** Opening SOURCE INFORMATION block **
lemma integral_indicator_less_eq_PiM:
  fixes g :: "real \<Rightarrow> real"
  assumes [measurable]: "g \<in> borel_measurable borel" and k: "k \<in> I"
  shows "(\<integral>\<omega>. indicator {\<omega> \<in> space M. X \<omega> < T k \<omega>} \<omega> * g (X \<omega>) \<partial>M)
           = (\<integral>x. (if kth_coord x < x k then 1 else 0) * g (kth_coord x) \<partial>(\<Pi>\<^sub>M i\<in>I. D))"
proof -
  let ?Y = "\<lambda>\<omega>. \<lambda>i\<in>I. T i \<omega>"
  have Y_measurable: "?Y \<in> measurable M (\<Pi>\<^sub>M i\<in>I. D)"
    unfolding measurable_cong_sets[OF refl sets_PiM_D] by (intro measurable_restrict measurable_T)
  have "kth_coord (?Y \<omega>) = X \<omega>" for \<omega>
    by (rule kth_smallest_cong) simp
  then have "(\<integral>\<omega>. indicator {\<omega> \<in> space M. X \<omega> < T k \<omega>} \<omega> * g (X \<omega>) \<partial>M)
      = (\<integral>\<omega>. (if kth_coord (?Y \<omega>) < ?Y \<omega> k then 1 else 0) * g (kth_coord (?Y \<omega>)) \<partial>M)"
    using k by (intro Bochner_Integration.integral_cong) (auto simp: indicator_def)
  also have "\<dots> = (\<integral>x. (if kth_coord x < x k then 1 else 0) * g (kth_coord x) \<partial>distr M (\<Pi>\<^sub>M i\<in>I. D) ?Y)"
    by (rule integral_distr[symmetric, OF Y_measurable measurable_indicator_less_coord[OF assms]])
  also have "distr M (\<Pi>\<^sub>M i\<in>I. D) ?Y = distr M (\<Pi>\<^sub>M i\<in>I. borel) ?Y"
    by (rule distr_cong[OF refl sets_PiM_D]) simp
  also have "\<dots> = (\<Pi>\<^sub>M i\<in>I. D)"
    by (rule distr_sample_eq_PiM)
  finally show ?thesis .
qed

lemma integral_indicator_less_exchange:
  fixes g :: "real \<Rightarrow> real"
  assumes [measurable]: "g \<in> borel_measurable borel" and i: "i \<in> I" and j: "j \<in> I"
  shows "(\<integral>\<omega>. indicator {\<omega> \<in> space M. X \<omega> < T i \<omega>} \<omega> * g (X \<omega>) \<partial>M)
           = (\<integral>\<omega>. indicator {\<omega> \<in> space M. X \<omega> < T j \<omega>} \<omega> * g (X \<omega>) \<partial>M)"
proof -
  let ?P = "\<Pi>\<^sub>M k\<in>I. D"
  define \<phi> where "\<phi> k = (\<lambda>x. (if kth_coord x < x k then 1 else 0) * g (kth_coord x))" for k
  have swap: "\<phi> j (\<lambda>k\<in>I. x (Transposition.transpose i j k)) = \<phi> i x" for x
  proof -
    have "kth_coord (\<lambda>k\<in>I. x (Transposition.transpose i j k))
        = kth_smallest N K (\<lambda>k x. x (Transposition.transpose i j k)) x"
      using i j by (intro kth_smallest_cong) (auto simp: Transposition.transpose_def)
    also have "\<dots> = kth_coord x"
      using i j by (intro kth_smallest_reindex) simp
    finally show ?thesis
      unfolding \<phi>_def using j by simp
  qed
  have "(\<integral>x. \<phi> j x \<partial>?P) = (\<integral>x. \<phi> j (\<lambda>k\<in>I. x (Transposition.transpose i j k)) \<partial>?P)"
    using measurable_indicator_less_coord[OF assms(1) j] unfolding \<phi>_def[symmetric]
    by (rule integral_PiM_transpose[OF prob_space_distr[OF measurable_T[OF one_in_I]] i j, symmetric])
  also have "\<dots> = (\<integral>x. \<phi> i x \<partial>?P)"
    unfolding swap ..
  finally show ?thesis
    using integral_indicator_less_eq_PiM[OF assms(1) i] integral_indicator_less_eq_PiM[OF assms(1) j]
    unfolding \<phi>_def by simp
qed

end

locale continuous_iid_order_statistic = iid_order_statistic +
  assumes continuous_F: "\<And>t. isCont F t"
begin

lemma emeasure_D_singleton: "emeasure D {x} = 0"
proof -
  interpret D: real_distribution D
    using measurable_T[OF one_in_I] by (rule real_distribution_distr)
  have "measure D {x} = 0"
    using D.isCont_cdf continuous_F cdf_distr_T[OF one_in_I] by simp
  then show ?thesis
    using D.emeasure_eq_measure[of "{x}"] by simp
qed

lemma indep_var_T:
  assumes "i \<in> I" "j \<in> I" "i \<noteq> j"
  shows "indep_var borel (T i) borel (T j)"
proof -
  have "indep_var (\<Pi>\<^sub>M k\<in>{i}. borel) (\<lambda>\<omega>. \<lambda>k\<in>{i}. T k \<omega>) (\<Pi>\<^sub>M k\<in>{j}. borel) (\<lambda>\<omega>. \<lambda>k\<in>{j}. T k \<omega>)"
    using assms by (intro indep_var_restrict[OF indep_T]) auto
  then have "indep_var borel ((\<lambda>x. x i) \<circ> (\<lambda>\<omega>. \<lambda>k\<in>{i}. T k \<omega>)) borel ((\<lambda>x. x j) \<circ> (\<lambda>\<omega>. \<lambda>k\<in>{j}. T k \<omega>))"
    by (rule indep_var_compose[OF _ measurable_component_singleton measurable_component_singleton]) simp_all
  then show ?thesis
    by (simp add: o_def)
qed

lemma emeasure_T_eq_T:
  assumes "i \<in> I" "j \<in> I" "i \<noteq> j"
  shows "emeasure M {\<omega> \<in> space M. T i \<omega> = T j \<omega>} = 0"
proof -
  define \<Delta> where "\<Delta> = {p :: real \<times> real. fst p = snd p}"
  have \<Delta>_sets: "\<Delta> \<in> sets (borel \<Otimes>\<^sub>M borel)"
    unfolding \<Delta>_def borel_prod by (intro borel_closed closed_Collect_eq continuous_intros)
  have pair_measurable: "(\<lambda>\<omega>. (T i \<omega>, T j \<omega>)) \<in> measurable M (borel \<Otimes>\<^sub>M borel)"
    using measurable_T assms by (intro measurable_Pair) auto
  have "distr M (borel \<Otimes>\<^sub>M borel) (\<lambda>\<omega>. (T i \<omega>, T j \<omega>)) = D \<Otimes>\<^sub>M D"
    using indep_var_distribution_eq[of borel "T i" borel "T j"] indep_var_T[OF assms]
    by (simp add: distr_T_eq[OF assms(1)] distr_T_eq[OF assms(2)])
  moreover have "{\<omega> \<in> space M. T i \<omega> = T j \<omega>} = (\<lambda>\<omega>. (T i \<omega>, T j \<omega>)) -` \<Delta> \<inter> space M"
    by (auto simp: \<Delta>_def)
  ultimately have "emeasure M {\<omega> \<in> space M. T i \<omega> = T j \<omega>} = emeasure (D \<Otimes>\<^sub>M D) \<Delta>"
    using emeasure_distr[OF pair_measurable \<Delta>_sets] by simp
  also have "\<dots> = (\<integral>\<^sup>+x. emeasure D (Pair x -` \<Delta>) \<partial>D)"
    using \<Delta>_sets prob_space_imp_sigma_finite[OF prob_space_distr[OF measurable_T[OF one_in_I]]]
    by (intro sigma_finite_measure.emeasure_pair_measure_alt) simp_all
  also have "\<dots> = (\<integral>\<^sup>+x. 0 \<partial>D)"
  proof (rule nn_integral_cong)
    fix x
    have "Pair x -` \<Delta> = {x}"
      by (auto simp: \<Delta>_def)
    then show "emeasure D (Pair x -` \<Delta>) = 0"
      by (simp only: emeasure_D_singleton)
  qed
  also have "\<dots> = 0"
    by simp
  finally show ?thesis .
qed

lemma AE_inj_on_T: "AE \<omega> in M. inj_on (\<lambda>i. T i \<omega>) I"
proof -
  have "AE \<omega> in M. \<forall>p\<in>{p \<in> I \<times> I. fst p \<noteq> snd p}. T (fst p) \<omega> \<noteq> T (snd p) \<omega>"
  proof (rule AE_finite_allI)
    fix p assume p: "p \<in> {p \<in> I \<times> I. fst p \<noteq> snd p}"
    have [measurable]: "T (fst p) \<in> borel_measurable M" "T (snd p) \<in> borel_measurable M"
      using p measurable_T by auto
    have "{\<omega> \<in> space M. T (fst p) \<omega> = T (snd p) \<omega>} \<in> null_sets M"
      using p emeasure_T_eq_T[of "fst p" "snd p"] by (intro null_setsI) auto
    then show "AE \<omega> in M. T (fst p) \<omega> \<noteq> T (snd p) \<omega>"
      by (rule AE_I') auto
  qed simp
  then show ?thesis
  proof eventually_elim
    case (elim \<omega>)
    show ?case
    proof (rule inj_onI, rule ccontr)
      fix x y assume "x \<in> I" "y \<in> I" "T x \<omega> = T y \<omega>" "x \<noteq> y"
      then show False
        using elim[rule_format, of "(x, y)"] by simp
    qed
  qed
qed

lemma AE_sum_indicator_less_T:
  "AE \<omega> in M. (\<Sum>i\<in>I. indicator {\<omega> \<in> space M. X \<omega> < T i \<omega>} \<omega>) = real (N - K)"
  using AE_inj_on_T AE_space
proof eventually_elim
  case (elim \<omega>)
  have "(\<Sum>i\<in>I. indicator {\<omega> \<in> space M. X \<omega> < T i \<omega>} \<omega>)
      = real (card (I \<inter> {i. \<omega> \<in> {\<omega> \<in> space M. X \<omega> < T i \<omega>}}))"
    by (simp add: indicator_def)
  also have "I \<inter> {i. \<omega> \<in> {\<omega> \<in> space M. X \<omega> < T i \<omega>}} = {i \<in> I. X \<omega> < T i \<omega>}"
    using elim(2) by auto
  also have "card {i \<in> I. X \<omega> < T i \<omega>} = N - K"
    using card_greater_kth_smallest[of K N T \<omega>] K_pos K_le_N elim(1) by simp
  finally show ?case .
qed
** Closing SOURCE INFORMATION block **
** Opening SOURCE INFORMATION block **
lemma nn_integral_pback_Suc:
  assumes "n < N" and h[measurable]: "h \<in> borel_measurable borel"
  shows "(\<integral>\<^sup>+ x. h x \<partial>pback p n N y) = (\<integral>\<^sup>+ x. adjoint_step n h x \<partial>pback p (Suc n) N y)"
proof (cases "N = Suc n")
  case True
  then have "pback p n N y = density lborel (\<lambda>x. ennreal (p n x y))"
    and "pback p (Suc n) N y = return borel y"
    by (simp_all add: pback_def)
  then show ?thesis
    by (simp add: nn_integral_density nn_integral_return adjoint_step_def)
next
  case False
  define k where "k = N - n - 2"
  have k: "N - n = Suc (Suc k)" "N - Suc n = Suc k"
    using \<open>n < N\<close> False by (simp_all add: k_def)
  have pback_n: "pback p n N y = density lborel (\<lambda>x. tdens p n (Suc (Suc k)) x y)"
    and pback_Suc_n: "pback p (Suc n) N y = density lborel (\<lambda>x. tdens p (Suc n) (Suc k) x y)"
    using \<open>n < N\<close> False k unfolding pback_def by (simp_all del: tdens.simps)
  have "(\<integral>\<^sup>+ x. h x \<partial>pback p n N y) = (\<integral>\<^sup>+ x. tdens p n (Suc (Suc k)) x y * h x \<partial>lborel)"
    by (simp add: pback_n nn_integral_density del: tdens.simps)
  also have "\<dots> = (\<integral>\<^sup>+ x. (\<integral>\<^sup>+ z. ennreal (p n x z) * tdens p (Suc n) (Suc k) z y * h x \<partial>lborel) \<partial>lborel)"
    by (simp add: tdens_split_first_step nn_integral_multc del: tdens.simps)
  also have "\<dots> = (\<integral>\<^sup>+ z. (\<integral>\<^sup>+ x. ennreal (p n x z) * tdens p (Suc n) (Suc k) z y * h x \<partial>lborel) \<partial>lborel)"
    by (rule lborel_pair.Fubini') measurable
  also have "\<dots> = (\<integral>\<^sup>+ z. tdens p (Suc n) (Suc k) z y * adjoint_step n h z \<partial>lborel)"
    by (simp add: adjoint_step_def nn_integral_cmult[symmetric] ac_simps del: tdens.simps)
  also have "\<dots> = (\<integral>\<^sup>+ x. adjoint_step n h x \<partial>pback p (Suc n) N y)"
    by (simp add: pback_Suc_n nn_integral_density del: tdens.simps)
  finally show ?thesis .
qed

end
** Closing SOURCE INFORMATION block **
Starting with the line that holds "(\<integral>\<omega>. (if kth_coord" and ending with the line that holds "by (rule integral_distr[symmetric, OF", retype every line in the data above exactly, and nothing else.

      = (\<integral>\<omega>. (if kth_coord (?Y \<omega>) < ?Y \<omega> k then 1 else 0) * g (kth_coord (?Y \<omega>)) \<partial>M)"
    using k by (intro Bochner_Integration.integral_cong) (auto simp: indicator_def)
  also have "\<dots> = (\<integral>x. (if kth_coord x < x k then 1 else 0) * g (kth_coord x) \<partial>distr M (\<Pi>\<^sub>M i\<in>I. D) ?Y)"
    by (rule integral_distr[symmetric, OF Y_measurable measurable_indicator_less_coord[OF assms]])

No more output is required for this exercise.